┌─ Data to process
(* Let $X$ be a real Banach space ordered by a generating and normal cone $K$. Let $A$ be a bounded linear operator on $X$ with $A(K)\subseteq K$, and suppose $A=T+F$, where $T$ and $F$ are bounded linear operators on $X$ with $T(K)\subseteq K$, $F(K)\subseteq K$, and $r(T)<1$. Define $R_0:=r\big(F(I-T)^{-1}\big)$ and suppose $R_0>0$. Then $r\!\left(T+\tfrac{1}{R_0}F\right)=1$.
   Context: A cone $K\subseteq X$ is a closed convex set such that $\alpha x\in K$ whenever $x\in K,\ \alpha\ge 0$, and such that $x\in K$, $-x\in K$ imply $x=0$. $K$ is generating if $X=K-K$, and normal if there is $\gamma>0$ such that $0\le x\le y$ implies $\|x\|\le\gamma\|y\|$, where $x\le y$ means $y-x\in K$. An operator $B$ is $K$-preserving (cone-preserving) if $B(K)\subseteq K$. For a bounded operator $B$ on a real Banach space, its spectrum $\sigma(B)$ and spectral radius $r(B)=\sup\{|\lambda|:\lambda\in\sigma(B)\}$ are those of its complexification on $X+iX$. Since $r(T)<1$, $I-T$ is invertible with bounded inverse. *)

theory Defs
  imports "HOL-Analysis.Analysis"
begin

definition is_cone :: "'a::real_normed_vector set \<Rightarrow> bool" where
  "is_cone K \<longleftrightarrow> closed K \<and> convex K \<and>
     (\<forall>x\<in>K. \<forall>\<alpha>::real. \<alpha> \<ge> 0 \<longrightarrow> \<alpha> *\<^sub>R x \<in> K) \<and>
     (\<forall>x. x \<in> K \<and> - x \<in> K \<longrightarrow> x = 0)"

definition generating_cone :: "'a::real_normed_vector set \<Rightarrow> bool" where
  "generating_cone K \<longleftrightarrow> (\<forall>z. \<exists>x\<in>K. \<exists>y\<in>K. z = x - y)"

definition normal_cone :: "'a::real_normed_vector set \<Rightarrow> bool" where
  "normal_cone K \<longleftrightarrow> (\<exists>\<gamma>>0. \<forall>x y. x \<in> K \<and> y - x \<in> K \<longrightarrow> norm x \<le> \<gamma> * norm y)"

definition cone_preserving :: "('a::real_normed_vector \<Rightarrow>\<^sub>L 'a) \<Rightarrow> 'a set \<Rightarrow> bool" where
  "cone_preserving B K \<longleftrightarrow> (\<forall>x\<in>K. blinfun_apply B x \<in> K)"

text \<open>The complexification X + iX is represented as X \<times> X (pair (x,y) = x + i y).
  cplx_shift B c is the operator B_C - c I on the complexification.\<close>

definition cplx_shift :: "('a::real_normed_vector \<Rightarrow>\<^sub>L 'a) \<Rightarrow> complex \<Rightarrow> ('a \<times> 'a \<Rightarrow> 'a \<times> 'a)" where
  "cplx_shift B c = (\<lambda>(x, y).
     (blinfun_apply B x - Re c *\<^sub>R x + Im c *\<^sub>R y,
      blinfun_apply B y - Re c *\<^sub>R y - Im c *\<^sub>R x))"

definition op_spectrum :: "('a::real_normed_vector \<Rightarrow>\<^sub>L 'a) \<Rightarrow> complex set" where
  "op_spectrum B = {c. \<not> (\<exists>g. bounded_linear g \<and>
       (\<forall>z. g (cplx_shift B c z) = z) \<and> (\<forall>z. cplx_shift B c (g z) = z))}"

text \<open>Spectral radius; the 0 is only relevant for the trivial space (empty spectrum).\<close>
definition spectral_radius :: "('a::real_normed_vector \<Rightarrow>\<^sub>L 'a) \<Rightarrow> real" where
  "spectral_radius B = Sup (insert 0 (cmod ` op_spectrum B))"

definition op_inverse :: "('a::real_normed_vector \<Rightarrow>\<^sub>L 'a) \<Rightarrow> ('a \<Rightarrow>\<^sub>L 'a)" where
  "op_inverse S = (THE R. R o\<^sub>L S = id_blinfun \<and> S o\<^sub>L R = id_blinfun)"

end

theory Submission
  imports Defs
begin

text \<open>Write W = (I - T)^-1 and \<rho> = r(F W). For positive operators on a normal generating cone, s - B
with s > 0 has a positive inverse iff s > r(B), and 0 <= B <= C implies r(B) <= r(C); both rest on the
bound 0 <= C^n x <= s^(n+1) (s - C)^-1 x for x >= 0, normality and uniform boundedness.
Put F' = F / \<rho>, so that r(F' W) <= 1. If r(T + F') < 1, then (I - T)(I - T - F')^-1 is a positive
inverse of I - F' W, whence r(F W) < \<rho>. If l > 1, then F' (l - T)^-1 <= F' W / l has spectral radius
below 1, and (l - T)^-1 (I - F' (l - T)^-1)^-1 is a positive inverse of l - T - F', whence
r(T + F') < l.\<close>

definition blinfun_pow :: "('a::real_normed_vector \<Rightarrow>\<^sub>L 'a) \<Rightarrow> nat \<Rightarrow> ('a \<Rightarrow>\<^sub>L 'a)" where
  "blinfun_pow B n = ((o\<^sub>L) B ^^ n) id_blinfun"

lemma blinfun_pow_0 [simp]: "blinfun_pow B 0 = id_blinfun"
  by (simp add: blinfun_pow_def)

lemma blinfun_pow_Suc [simp]: "blinfun_pow B (Suc n) x = B (blinfun_pow B n x)"
  by (simp add: blinfun_pow_def)

lemma blinfun_pow_Suc': "blinfun_pow B (Suc n) x = blinfun_pow B n (B x)"
  by (induction n arbitrary: x) auto

lemma norm_blinfun_pow_le: "norm (blinfun_pow B n) \<le> norm B ^ n"
proof (induction n)
  case 0
  show ?case by (simp add: norm_blinfun_id_le)
next
  case (Suc n)
  have "blinfun_pow B (Suc n) = B o\<^sub>L blinfun_pow B n"
    by (simp add: blinfun_eqI)
  then have "norm (blinfun_pow B (Suc n)) \<le> norm B * norm (blinfun_pow B n)"
    by (simp add: norm_blinfun_compose)
  also have "\<dots> \<le> norm B ^ Suc n"
    using Suc by (simp add: mult_left_mono)
  finally show ?case .
qed

lemma blinfun_shift_apply [simp]: "(t *\<^sub>R id_blinfun - B) x = t *\<^sub>R x - B x"
  by (simp add: blinfun.diff_left blinfun.scaleR_left)

lemma blinfun_id_diff_apply: "(id_blinfun - B) x = x - B x"
  by (simp add: blinfun.diff_left)

definition is_inverse_blinfun :: "('a::real_normed_vector \<Rightarrow>\<^sub>L 'a) \<Rightarrow> ('a \<Rightarrow>\<^sub>L 'a) \<Rightarrow> bool" where
  "is_inverse_blinfun R S \<longleftrightarrow> R o\<^sub>L S = id_blinfun \<and> S o\<^sub>L R = id_blinfun"

lemma is_inverse_blinfunI:
  fixes R S :: "'a::real_normed_vector \<Rightarrow>\<^sub>L 'a"
  assumes "\<And>x. R (S x) = x" and "\<And>x. S (R x) = x"
  shows "is_inverse_blinfun R S"
  using assms by (auto simp: is_inverse_blinfun_def intro!: blinfun_eqI)

lemma is_inverse_blinfunD:
  assumes "is_inverse_blinfun R S"
  shows "R (S x) = x" and "S (R x) = x"
  using assms unfolding is_inverse_blinfun_def by (metis blinfun_apply_blinfun_compose id_blinfun.rep_eq)+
└─
◆ **Exercise requirements**
Copy every line from the records above that contains the string "whence".

◆ **Task answer**
inverse of I - F' W, whence r(F W) < \<rho>. If l > 1, then F' (l - T)^-1 <= F' W / l has spectral radius
below 1, and (l - T)^-1 (I - F' (l - T)^-1)^-1 is a positive inverse of l - T - F', whence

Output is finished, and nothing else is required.